What is required –
Where a line holds the word "have", count it, then give only the total for the entries below.
:: Extracted information
definition poly_act :: "(complex \<Rightarrow> 'a::ab_group_add \<Rightarrow> 'a) \<Rightarrow> ('a \<Rightarrow> 'a) \<Rightarrow> complex poly \<Rightarrow> 'a \<Rightarrow> 'a" where
  "poly_act s D p x = (\<Sum>i\<le>degree p. s (coeff p i) ((D ^^ i) x))"

definition quot_fin_gen :: "(complex \<Rightarrow> 'a::ab_group_add \<Rightarrow> 'a) \<Rightarrow> ('a \<Rightarrow> 'a) \<Rightarrow> 'a set \<Rightarrow> bool" where
  "quot_fin_gen s D S \<longleftrightarrow>
     (\<exists>G. finite G \<and> (\<forall>y. \<exists>p :: 'a \<Rightarrow> complex poly. y - (\<Sum>g\<in>G. poly_act s D (p g) g) \<in> S))"

definition quot_torsion_free :: "(complex \<Rightarrow> 'a::ab_group_add \<Rightarrow> 'a) \<Rightarrow> ('a \<Rightarrow> 'a) \<Rightarrow> 'a set \<Rightarrow> bool" where
  "quot_torsion_free s D S \<longleftrightarrow> (\<forall>p y. p \<noteq> 0 \<longrightarrow> poly_act s D p y \<in> S \<longrightarrow> y \<in> S)"

text \<open>G False = even part, G True = odd part; the space is the direct sum, and D preserves
the parts.\<close>
definition z2_graded :: "(complex \<Rightarrow> 'a::ab_group_add \<Rightarrow> 'a) \<Rightarrow> ('a \<Rightarrow> 'a) \<Rightarrow> (bool \<Rightarrow> 'a set) \<Rightarrow> bool" where
  "z2_graded s D G \<longleftrightarrow> lin_subspace s (G False) \<and> lin_subspace s (G True)
     \<and> G False \<inter> G True = {0} \<and> (\<forall>x. \<exists>a\<in>G False. \<exists>b\<in>G True. x = a + b)
     \<and> (\<forall>i. D ` G i \<subseteq> G i)"
definition has_sink :: "nat \<Rightarrow> (nat \<Rightarrow> 'a set) \<Rightarrow> (nat \<Rightarrow> 'a list \<Rightarrow> real) \<Rightarrow> bool" where
  "has_sink N S u \<longleftrightarrow> (\<exists>p \<in> profiles N S. \<not> (\<exists>q. pref_arc N S u p q))"

definition has_4cycle :: "nat \<Rightarrow> (nat \<Rightarrow> 'a set) \<Rightarrow> (nat \<Rightarrow> 'a list \<Rightarrow> real) \<Rightarrow> bool" where
  "has_4cycle N S u \<longleftrightarrow> (\<exists>a b c d. distinct [a, b, c, d] \<and>
     pref_arc N S u a b \<and> pref_arc N S u b c \<and> pref_arc N S u c d \<and> pref_arc N S u d a)"

text \<open>Mismatching Pennies: players 0,1,2, strategies bool; player i gets 1 iff
  s_i differs from s_{i-1 mod 3}.\<close>
definition jordan_S :: "nat \<Rightarrow> bool set" where
  "jordan_S i = UNIV"

definition jordan_u :: "nat \<Rightarrow> bool list \<Rightarrow> real" where
  "jordan_u i s = (if s ! i \<noteq> s ! ((i + 2) mod 3) then 1 else 0)"

definition iso_to_jordan :: "nat \<Rightarrow> (nat \<Rightarrow> 'a set) \<Rightarrow> (nat \<Rightarrow> 'a list \<Rightarrow> real) \<Rightarrow> bool" where
  "iso_to_jordan N S u \<longleftrightarrow> (\<exists>f. bij_betw f (profiles N S) (profiles 3 jordan_S) \<and>
     (\<forall>p \<in> profiles N S. \<forall>q \<in> profiles N S.
        pref_arc N S u p q \<longleftrightarrow> pref_arc 3 jordan_S jordan_u (f p) (f q)))"

end

theory Submission
  imports Defs "HOL-Library.FuncSet"
begin
lemma cap_disc_lower_bound_lt1:
  fixes P Q :: "'a pmf"
  assumes "0 \<le> \<epsilon>" "\<epsilon> < 1" "tv_dist P Q = \<epsilon>"
  shows "(1 + \<epsilon>) * ln (1 + \<epsilon>) + (1 - \<epsilon>) * ln (1 - \<epsilon>) \<le> cap_disc P Q"
proof -
  define c1 where "c1 = (ln (1 + \<epsilon>) + ln (1 - \<epsilon>)) / 2"
  define c2 where "c2 = (ln (1 + \<epsilon>) - ln (1 - \<epsilon>)) / 2"
  have minorant_sum: "((\<lambda>x. c1 * (pmf P x + pmf Q x) + c2 * \<bar>pmf P x - pmf Q x\<bar>)
          has_sum (c1 * 2 + c2 * (2 * \<epsilon>))) UNIV"
    using has_sum_add[OF has_sum_pmf has_sum_pmf, of P Q] has_sum_tv_dist[of P Q] assms(3)
    by (intro has_sum_add has_sum_cmult_right) simp_all
  have "c1 * (pmf P x + pmf Q x) + c2 * \<bar>pmf P x - pmf Q x\<bar> \<le> js (pmf P x) (pmf Q x)"
    for x unfolding c1_def c2_def using assms by (intro js_linear_minorant) auto
  then have "c1 * 2 + c2 * (2 * \<epsilon>) \<le> cap_disc P Q"
    using has_sum_mono[OF minorant_sum has_sum_cap_disc] by blast
  moreover have "c1 * 2 + c2 * (2 * \<epsilon>) = (1 + \<epsilon>) * ln (1 + \<epsilon>) + (1 - \<epsilon>) * ln (1 - \<epsilon>)"
    unfolding c1_def c2_def by (simp add: field_simps)
  ultimately show ?thesis by simp
qed

text \<open>Total variation \<open>1\<close> means disjoint supports: \<open>min (p, q) = (p + q - |p - q|)/2\<close>
  is nonnegative and sums to \<open>0\<close>, so it vanishes everywhere.\<close>
lemma tv_dist_one_disjoint:
  assumes "tv_dist P Q = 1"
  shows "pmf P x = 0 \<or> pmf Q x = 0"
proof -
  have "((\<lambda>x. (pmf P x + pmf Q x) + (-1) * \<bar>pmf P x - pmf Q x\<bar>) has_sum 0) UNIV"
    using has_sum_add[OF has_sum_add[OF has_sum_pmf[of P] has_sum_pmf[of Q]]
                         has_sum_cmult_right[OF has_sum_tv_dist[of P Q], where c="-1"]]
      assms by simp
  then have "(pmf P x + pmf Q x) + (-1) * \<bar>pmf P x - pmf Q x\<bar> = 0"
    by (rule nonneg_has_sum_le_0D) (auto simp: abs_if)
  then show ?thesis by (auto simp: abs_if split: if_splits)
qed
::::
Answer section –
6